• _Exercise_
Whenever "with" occurs in a line of the material, list that line.

──────

lemma nonzero_class_contains_nonzero_subclass:
  assumes H: "subgroup H G" and t: "t summable_on carrier G"
    and supp: "\<And>g. g \<notin> H \<Longrightarrow> t g = 0" and x: "x \<in> carrier G"
    and nz: "ptrace t (conj_class G (carrier G) x) \<noteq> 0"
  obtains y where "y \<in> H" "y \<in> conj_class G (carrier G) x" "ptrace t (conj_class G H y) \<noteq> 0"
proof -
  have "\<exists>d\<in>conj_class G H ` (conj_class G (carrier G) x \<inter> H). ptrace t d \<noteq> 0"
    using nz ptrace_class_decomposition[OF assms(1-4)] infsum_0 by metis
  then show ?thesis using that by blast
qed

(* Transfer of finiteness: each G-class with non-zero class sum is the saturation of an
   H-class with non-zero class sum, so there are only finitely many of them. *)
lemma finite_nonzero_classes_transfer:
  assumes H: "subgroup H G" and t: "t summable_on carrier G"
    and supp: "\<And>g. g \<notin> H \<Longrightarrow> t g = 0"
    and fin: "finite {d \<in> conj_class G H ` H. ptrace t d \<noteq> 0}"
  shows "finite {c \<in> conj_class G (carrier G) ` carrier G. ptrace t c \<noteq> 0}"
proof -
  have G: "subgroup (carrier G) G" by (rule subgroup_self)
  have HG: "H \<subseteq> carrier G" using H by (rule subgroup.subset)
  have "{c \<in> conj_class G (carrier G) ` carrier G. ptrace t c \<noteq> 0}
      \<subseteq> (\<lambda>d. \<Union>w\<in>d. conj_class G (carrier G) w) ` {d \<in> conj_class G H ` H. ptrace t d \<noteq> 0}"
  proof
    fix c assume "c \<in> {c \<in> conj_class G (carrier G) ` carrier G. ptrace t c \<noteq> 0}"
    then obtain x where x: "x \<in> carrier G" and c: "c = conj_class G (carrier G) x"
      and nz: "ptrace t (conj_class G (carrier G) x) \<noteq> 0"
      by blast
    obtain y where y: "y \<in> H" "y \<in> conj_class G (carrier G) x" "ptrace t (conj_class G H y) \<noteq> 0"
      by (rule nonzero_class_contains_nonzero_subclass[OF H t supp x nz])
    have yc: "y \<in> carrier G" using HG y(1) by blast
    have "c = conj_class G (carrier G) y"
      using conj_class_eq[OF G x y(2)] c by simp
    also have "\<dots> = (\<Union>w\<in>conj_class G H y. conj_class G (carrier G) w)"
      by (rule conj_class_saturation[OF H G HG yc, symmetric])
    finally show "c \<in> (\<lambda>d. \<Union>w\<in>d. conj_class G (carrier G) w) ` {d \<in> conj_class G H ` H. ptrace t d \<noteq> 0}"
      using y(1,3) by blast
  qed
  then show ?thesis using finite_surj[OF fin] by blast
qed

(* Transfer of finite order: a G-class with non-zero class sum is conjugate to a member
   of an H-class with non-zero class sum, whose elements have finite order. *)
lemma fin_order_classes_transfer:
  assumes H: "subgroup H G" and t: "t summable_on carrier G"
    and supp: "\<And>g. g \<notin> H \<Longrightarrow> t g = 0"
    and fo: "\<forall>d \<in> conj_class G H ` H. ptrace t d \<noteq> 0 \<longrightarrow> (\<forall>x\<in>d. fin_order G x)"
  shows "\<forall>c \<in> conj_class G (carrier G) ` carrier G. ptrace t c \<noteq> 0 \<longrightarrow> (\<forall>z\<in>c. fin_order G z)"
proof (intro ballI impI)
  fix c z assume c: "c \<in> conj_class G (carrier G) ` carrier G" and nz: "ptrace t c \<noteq> 0"
    and z: "z \<in> c"
  have G: "subgroup (carrier G) G" by (rule subgroup_self)
  obtain x where x: "x \<in> carrier G" and cx: "c = conj_class G (carrier G) x" using c by blast
  obtain y where y: "y \<in> H" "y \<in> c" "ptrace t (conj_class G H y) \<noteq> 0"
    using nonzero_class_contains_nonzero_subclass[OF H t supp x] nz cx by blast
  have yc: "y \<in> carrier G" using H y(1) by (simp add: subgroup.mem_carrier)
  have "fin_order G y" using fo y(1,3) conj_class_self[OF H yc] by blast
  moreover have "z \<in> conj_class G (carrier G) y"
    using conj_class_eq[OF G x] cx y(2) z by simp
  ultimately show "fin_order G z" by (rule fin_order_conj_class[OF G yc])
qed

end


theorem lemma1p5:
  fixes G :: "('a, 'b) monoid_scheme"
  assumes "group G"
    and "\<And>H. subgroup H G \<Longrightarrow> countable H \<Longrightarrow> l1_bass G H"
  shows "l1_bass G (carrier G)"
  unfolding l1_bass_def
proof (intro allI impI)
  interpret group G by (rule assms(1))
  fix n e assume e: "idem_matrix G (carrier G) n e"
  obtain H where H: "subgroup H G" "countable H" and eH: "idem_matrix G H n e"
    and supp: "\<And>i j g. i < n \<Longrightarrow> j < n \<Longrightarrow> g \<notin> H \<Longrightarrow> e i j g = 0"
    by (rule idem_matrix_countable_reduction[OF e]) (rule that)
  define t where "t = (\<lambda>g. \<Sum>i<n. e i i g)"
  have HS1_t: "HS1 G S n e = ptrace t" for S unfolding HS1_def t_def ..
  have t: "t summable_on carrier G" unfolding t_def using e by (rule trace_summable)
  have t_supp: "t g = 0" if "g \<notin> H" for g unfolding t_def using supp that by simp
  have bass_H: "finite {d \<in> conj_class G H ` H. HS1 G H n e d \<noteq> 0}"
    "\<forall>d \<in> conj_class G H ` H. HS1 G H n e d \<noteq> 0 \<longrightarrow> (\<forall>x\<in>d. fin_order G x)"
    using assms(2)[OF H] eH unfolding l1_bass_def by blast+
  show "finite {c \<in> conj_class G (carrier G) ` carrier G. HS1 G (carrier G) n e c \<noteq> 0}
    \<and> (\<forall>c \<in> conj_class G (carrier G) ` carrier G. HS1 G (carrier G) n e c \<noteq> 0
         \<longrightarrow> (\<forall>x\<in>c. fin_order G x))"
    unfolding HS1_t
    using finite_nonzero_classes_transfer[OF H(1) t t_supp bass_H(1)[unfolded HS1_t]]
      fin_order_classes_transfer[OF H(1) t t_supp bass_H(2)[unfolded HS1_t]] ..
qed

end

──────

• _Output for this exercise_
(* Transfer of finiteness: each G-class with non-zero class sum is the saturation of an
   H-class with non-zero class sum, so there are only finitely many of them. *)
(* Transfer of finite order: a G-class with non-zero class sum is conjugate to a member
   of an H-class with non-zero class sum, whose elements have finite order. *)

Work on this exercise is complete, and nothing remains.